Material to process –
(* Let $\Phi:\mathcal H\to\mathrm{End}_{\mathbb K}(V^{\otimes n})$ be the representation with $\Phi(g_a)=T_a$ ($0\le a\le n-1$) and let $\Psi^{\otimes n}:U_q(\mathfrak g)\to\mathrm{End}_{\mathbb K}(V^{\otimes n})$ be the tensor-power vector representation, both as in the context. Then for all $X\in\mathcal H$ and $Y\in U_q(\mathfrak g)$, $$\Phi(X)\Psi^{\otimes n}(Y)=\Psi^{\otimes n}(Y)\Phi(X).$$
   Context: Let $m,n\ge 1$, $\mathbb K=\mathbb C(q,Q_1,\dots,Q_m)$ (indeterminates). Cyclotomic Hecke algebra $\mathcal H$: the unital $\mathbb K$-algebra generated by $g_0,\dots,g_{n-1}$ with relations $(g_0-Q_1)\cdots(g_0-Q_m)=0$, $g_0g_1g_0g_1=g_1g_0g_1g_0$, $g_i^2=(q-q^{-1})g_i+1$ ($1\le i\le n-1$), $g_ig_j=g_jg_i$ ($|i-j|\ge2$), $g_ig_{i+1}g_i=g_{i+1}g_ig_{i+1}$ ($1\le i\le n-2$). Superspace and Hecke action: fix nonnegative integers $k_1,\dots,k_m,\ell_1,\dots,\ell_m$, $N=\sum_c(k_c+\ell_c)>0$, $d_c=\sum_{j\le c}(k_j+\ell_j)$. $V$ is a $\mathbb K$-superspace with homogeneous basis $\{v^{(c)}_a:1\le c\le m,1\le a\le k_c+\ell_c\}$, $v^{(c)}_a$ even iff $a\le k_c$, of colour $c$; ordered by $v^{(c)}_a<v^{(c')}_b$ iff $c<c'$ or ($c=c'$, $a<b$), and written $u_1<\cdots<u_N$ (so colour $c$ occupies positions $d_{c-1}+1,\dots,d_c$, $d_0=0$). $\bar j$ is the parity of $u_j$, $\mathrm{col}(j)$ its colour. For $\mathbf i=(i_1,\dots,i_n)\in\{1,\dots,N\}^n$, $\mathbf i$ also denotes $u_{i_1}\otimes\cdots\otimes u_{i_n}$, $c_t(\mathbf i)=\mathrm{col}(i_t)$, and $\mathbf i s_a$ is $\mathbf i$ with entries $a,a+1$ swapped. Operators: $s_a(\mathbf i)=(-1)^{\bar i_a}\mathbf i$ if $i_a=i_{a+1}$, else $(-1)^{\bar i_a\bar i_{a+1}}\mathbf i s_a$; $T_a(\mathbf i)=(q-q^{-1})\mathbf i+(-1)^{\bar i_a\bar i_{a+1}}\mathbf i s_a$ if $i_a<i_{a+1}$, $=\frac{(q-q^{-1})+(-1)^{\bar i_a}(q+q^{-1})}{2}\mathbf i$ if $i_a=i_{a+1}$, $=(-1)^{\bar i_a\bar i_{a+1}}\mathbf i s_a$ if $i_a>i_{a+1}$; $S_a(\mathbf i)=T_a(\mathbf i)$ if $c_a(\mathbf i)=c_{a+1}(\mathbf i)$, else $s_a(\mathbf i)$; $S_0(\mathbf i)=Q_{c_1(\mathbf i)}\mathbf i$; $\theta=S_{n-1}\cdots S_1$; $T_0=T_1^{-1}\cdots T_{n-1}^{-1}\theta S_0$. The assignment $g_a\mapsto T_a$ extends to a representation $\Phi$ of $\mathcal H$. Quantum superalgebra action: $\mathfrak g=\mathfrak{gl}(k_1|\ell_1)\oplus\cdots\oplus\mathfrak{gl}(k_m|\ell_m)\subseteq\mathfrak{gl}(k|\ell)$, $k=\sum k_c$, $\ell=\sum\ell_c$, and $U_q(\mathfrak g)$ is its quantized enveloping superalgebra, viewed as the subalgebra of the quantum general linear superalgebra (with respect to the ordered homogeneous basis $u_1,\dots,u_N$) generated by $K_b^{\pm1}$ ($1\le b\le N$) and $E_a,F_a$ for $a\in\{1,\dots,N-1\}\setminus\{d_1,\dots,d_{m-1}\}$; $E_a,F_a$ have parity $\bar a+\overline{a+1}$, $K_b$ are even. Vector representation $\Psi$ on $V$: $E_au_{a+1}=(-1)^{\overline{a+1}}u_a$, $E_au_j=0$ ($j\ne a+1$); $F_au_a=(-1)^{\bar a}u_{a+1}$, $F_au_j=0$ ($j\neq a$); $K_b^{\pm1}u_j=q^{\pm(-1)^{\bar j}\delta_{bj}}u_j$. With $\widetilde K_a=K_aK_{a+1}^{-1}$, the representation $\Psi^{\otimes n}$ on $V^{\otimes n}$ (from the coproduct $\Delta(K_b)=K_b\otimes K_b$, $\Delta(E_a)=E_a\otimes\widetilde K_a+1\otimes E_a$, $\Delta(F_a)=F_a\otimes1+\widetilde K_a^{-1}\otimes F_a$) is given by $\Psi^{\otimes n}(E_a)=\sum_{p=0}^{n-1}\widetilde K_a^{\otimes p}\otimes\Psi(E_a)\otimes\mathrm{Id}^{\otimes(n-1-p)}$, $\Psi^{\otimes n}(F_a)=\sum_{p=0}^{n-1}\mathrm{Id}^{\otimes p}\otimes\Psi(F_a)\otimes(\widetilde K_a^{-1})^{\otimes(n-1-p)}$, $\Psi^{\otimes n}(K_b)=K_b^{\otimes n}$, where tensor products of homogeneous operators act with the Koszul sign $(\phi\otimes\psi)(x\otimes y)=(-1)^{\bar x\bar\psi}\phi(x)\otimes\psi(y)$. *)

theory Defs
  imports Complex_Main "HOL-Library.Poly_Mapping" "HOL-Computational_Algebra.Fraction_Field"
begin

section \<open>The ground field K = C(q, Q_1, Q_2, ...)\<close>

type_synonym cpoly = "(nat \<Rightarrow>\<^sub>0 nat) \<Rightarrow>\<^sub>0 complex"
type_synonym KK = "cpoly fract"

definition var :: "nat \<Rightarrow> KK" where
  "var v = Fract (Poly_Mapping.single (Poly_Mapping.single v 1) 1) 1"

definition qK :: KK where "qK = var 0"
definition QK :: "nat \<Rightarrow> KK" where "QK c = var c"

definition dd :: "(nat \<Rightarrow> nat) \<Rightarrow> (nat \<Rightarrow> nat) \<Rightarrow> nat \<Rightarrow> nat" where
  "dd kk ll c = (\<Sum>j=1..c. kk j + ll j)"

definition col :: "(nat \<Rightarrow> nat) \<Rightarrow> (nat \<Rightarrow> nat) \<Rightarrow> nat \<Rightarrow> nat" where
  "col kk ll j = (LEAST c. j \<le> dd kk ll c)"

definition par :: "(nat \<Rightarrow> nat) \<Rightarrow> (nat \<Rightarrow> nat) \<Rightarrow> nat \<Rightarrow> nat" where
  "par kk ll j = (let c = col kk ll j in if j - dd kk ll (c - 1) \<le> kk c then 0 else 1)"

text \<open>Basis tuples of V^{\<otimes>n}: lists i = (i_1,...,i_n) (0-indexed as Isabelle lists).\<close>
definition Bas :: "nat \<Rightarrow> nat \<Rightarrow> nat list set" where
  "Bas n N = {i. length i = n \<and> set i \<subseteq> {1..N}}"

text \<open>M r c = coefficient of basis vector r in M(basis vector c).\<close>
type_synonym 'k tmat = "nat list \<Rightarrow> nat list \<Rightarrow> 'k"

definition mmul :: "nat list set \<Rightarrow> 'k::field tmat \<Rightarrow> 'k tmat \<Rightarrow> 'k tmat" where
  "mmul B M M' = (\<lambda>r c. \<Sum>s\<in>B. M r s * M' s c)"

definition idm :: "'k::field tmat" where
  "idm = (\<lambda>r c. if r = c then 1 else 0)"

definition mprod :: "nat list set \<Rightarrow> 'k::field tmat list \<Rightarrow> 'k tmat" where
  "mprod B Ms = foldr (mmul B) Ms idm"

definition from_img :: "(nat list \<Rightarrow> nat list \<Rightarrow> 'k) \<Rightarrow> 'k tmat" where
  "from_img f = (\<lambda>r c. f c r)"

definition unitv :: "nat list \<Rightarrow> nat list \<Rightarrow> 'k::field" where
  "unitv v = (\<lambda>r. if r = v then 1 else 0)"

inductive_set galg :: "nat list set \<Rightarrow> 'k::field tmat set \<Rightarrow> 'k tmat set" for B G where
  galg_id: "idm \<in> galg B G"
| galg_gen: "M \<in> G \<Longrightarrow> M \<in> galg B G"
| galg_add: "M \<in> galg B G \<Longrightarrow> M' \<in> galg B G \<Longrightarrow> (\<lambda>r c. M r c + M' r c) \<in> galg B G"
| galg_smult: "M \<in> galg B G \<Longrightarrow> (\<lambda>r c. x * M r c) \<in> galg B G"
| galg_mult: "M \<in> galg B G \<Longrightarrow> M' \<in> galg B G \<Longrightarrow> mmul B M M' \<in> galg B G"

text \<open>i s_a: swap entries at positions a, a+1 (1-indexed)\<close>
definition swp :: "nat \<Rightarrow> nat list \<Rightarrow> nat list" where
  "swp a i = i[a - 1 := i ! a, a := i ! (a - 1)]"

definition Tact :: "'k::field \<Rightarrow> (nat \<Rightarrow> nat) \<Rightarrow> nat \<Rightarrow> nat list \<Rightarrow> nat list \<Rightarrow> 'k" where
  "Tact q p a i = (let x = i ! (a - 1); y = i ! a; sg = (-1) ^ (p x * p y) in
     if x < y then (\<lambda>r. (q - inverse q) * unitv i r + sg * unitv (swp a i) r)
     else if x = y then (\<lambda>r. ((q - inverse q) + (-1) ^ p x * (q + inverse q)) / 2 * unitv i r)
     else (\<lambda>r. sg * unitv (swp a i) r))"

definition sact :: "(nat \<Rightarrow> nat) \<Rightarrow> nat \<Rightarrow> nat list \<Rightarrow> nat list \<Rightarrow> 'k::field" where
  "sact p a i = (let x = i ! (a - 1); y = i ! a in
     if x = y then (\<lambda>r. (-1) ^ p x * unitv i r)
     else (\<lambda>r. (-1) ^ (p x * p y) * unitv (swp a i) r))"

definition Tm :: "(nat \<Rightarrow> nat) \<Rightarrow> (nat \<Rightarrow> nat) \<Rightarrow> nat \<Rightarrow> KK tmat" where
  "Tm kk ll a = from_img (Tact qK (par kk ll) a)"

definition Sm :: "(nat \<Rightarrow> nat) \<Rightarrow> (nat \<Rightarrow> nat) \<Rightarrow> nat \<Rightarrow> KK tmat" where
  "Sm kk ll a = from_img (\<lambda>i. if col kk ll (i ! (a - 1)) = col kk ll (i ! a)
                                then Tact qK (par kk ll) a i else sact (par kk ll) a i)"

definition S0m :: "(nat \<Rightarrow> nat) \<Rightarrow> (nat \<Rightarrow> nat) \<Rightarrow> KK tmat" where
  "S0m kk ll = from_img (\<lambda>i r. QK (col kk ll (i ! 0)) * unitv i r)"

text \<open>T_a^{-1} = T_a - (q - q^{-1}) Id, the inverse forced by the quadratic relation.\<close>
definition Tinvm :: "(nat \<Rightarrow> nat) \<Rightarrow> (nat \<Rightarrow> nat) \<Rightarrow> nat \<Rightarrow> KK tmat" where
  "Tinvm kk ll a = (\<lambda>r c. Tm kk ll a r c - (qK - inverse qK) * idm r c)"

definition thetam :: "(nat \<Rightarrow> nat) \<Rightarrow> (nat \<Rightarrow> nat) \<Rightarrow> nat \<Rightarrow> nat \<Rightarrow> KK tmat" where
  "thetam kk ll n N = mprod (Bas n N) (map (Sm kk ll) (rev [1..<n]))"

definition T0m :: "(nat \<Rightarrow> nat) \<Rightarrow> (nat \<Rightarrow> nat) \<Rightarrow> nat \<Rightarrow> nat \<Rightarrow> KK tmat" where
  "T0m kk ll n N = mprod (Bas n N)
     (map (Tinvm kk ll) [1..<n] @ [thetam kk ll n N, S0m kk ll])"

What needs to be done –
An exact, complete copy of the lines above from the one with "text \<open>Basis tuples" through the one with "v = (\<lambda>r." is the whole answer.

Exercise result –
text \<open>Basis tuples of V^{\<otimes>n}: lists i = (i_1,...,i_n) (0-indexed as Isabelle lists).\<close>
definition Bas :: "nat \<Rightarrow> nat \<Rightarrow> nat list set" where
  "Bas n N = {i. length i = n \<and> set i \<subseteq> {1..N}}"

text \<open>M r c = coefficient of basis vector r in M(basis vector c).\<close>
type_synonym 'k tmat = "nat list \<Rightarrow> nat list \<Rightarrow> 'k"

definition mmul :: "nat list set \<Rightarrow> 'k::field tmat \<Rightarrow> 'k tmat \<Rightarrow> 'k tmat" where
  "mmul B M M' = (\<lambda>r c. \<Sum>s\<in>B. M r s * M' s c)"

definition idm :: "'k::field tmat" where
  "idm = (\<lambda>r c. if r = c then 1 else 0)"

definition mprod :: "nat list set \<Rightarrow> 'k::field tmat list \<Rightarrow> 'k tmat" where
  "mprod B Ms = foldr (mmul B) Ms idm"

definition from_img :: "(nat list \<Rightarrow> nat list \<Rightarrow> 'k) \<Rightarrow> 'k tmat" where
  "from_img f = (\<lambda>r c. f c r)"

definition unitv :: "nat list \<Rightarrow> nat list \<Rightarrow> 'k::field" where
  "unitv v = (\<lambda>r. if r = v then 1 else 0)"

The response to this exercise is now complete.